Defending the baseline from poisoning
A runaway process that burns for two days must never quietly teach Anomalous that burning is normal. If the app simply kept learning from a misbehaving program, the anomaly would slowly become the new baseline and the flag would fade, which is exactly the failure mode a monitor cannot have. Anomalous defends against this baseline poisoning in two ways.
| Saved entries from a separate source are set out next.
theorem lemma1:
  fixes N :: nat and K L :: "nat \<Rightarrow> nat"
  assumes "N \<ge> 1"
    and "\<And>n. n \<in> {1..N} \<Longrightarrow> 0 < K n"
    and "\<And>n. n \<in> {1..N} \<Longrightarrow> 0 < L n"
    and "\<And>n. n \<in> {1..N} \<Longrightarrow> K n \<le> L n"
  shows "\<exists>ts. is_ttm_tree N ts \<and> binary_ttm ts \<and>
           (\<forall>ts'. is_ttm_tree N ts' \<longrightarrow> ttm_cost N K L ts \<le> ttm_cost N K L ts')"
proof -
  let ?S = "{F. is_ttm_tree N F \<and> binary_ttm F}" and ?cost = "ttm_cost N K L"
  have KL: "\<forall>n \<in> {1..N}. K n \<le> L n"
    using assms(4) by blast
  have "?S \<noteq> {}"
    using ttm_tree_exists binarize_ttm[OF _ KL] by blast
  note min = arg_min_if_finite(1)[OF finite_binary_ttm_trees this, where f = ?cost]
    arg_min_least[OF finite_binary_ttm_trees this, where f = ?cost]
  have "?cost (arg_min_on ?cost ?S) \<le> ?cost F" if F: "is_ttm_tree N F" for F
  proof -
    obtain F' where "F' \<in> ?S" "?cost F' \<le> ?cost F"
      using binarize_ttm[OF F KL] by blast
    then show ?thesis
      using min(2)[of F'] by linarith
  qed
  with min(1) show ?thesis
    by (intro exI[of _ "arg_min_on ?cost ?S"]) simp
qed

end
First, once a process is flagged, it stops teaching its baseline: its runaway readings are no longer folded into the median and seasonal history. Second, even for normal learning, each seasonal update is clamped so a single outlier can nudge the baseline but never yank it. The one thing that can move the envelope is your explicit "this is normal for me" acknowledgment.
Under the hood
A flagged process is fed with feedBaselines:false so its readings do not update the robust or seasonal baseline (AppState.swift:694-719). The seasonal estimator clamps each update to 3 scales, Huber-style, with the scale taken from the learned baseline rather than the incoming value, so an outlier moves the median only a little (BaselineStore.swift:100-115). Flags persist up to 7 days across relaunches so a runaway is not silently forgotten, while stale lineages decay after 30 days and are capped at 2000 (BaselineStore.swift:170-221). A recovered process still heals: the cumulative CPU-time card additionally checks live CPU (≥ 20%), so a once-hot, now-idle process clears instead of staying flagged forever (DetectionRules.swift:108-114; AppState.swift:1220-1227).
All of this detection math runs on-device, every tick, with nothing gated behind a network call. If you want to see the exact statistics, the sensor is open source at anomalous-mac, and the public data lives in the anomalous-corpus repository — PRs are welcome.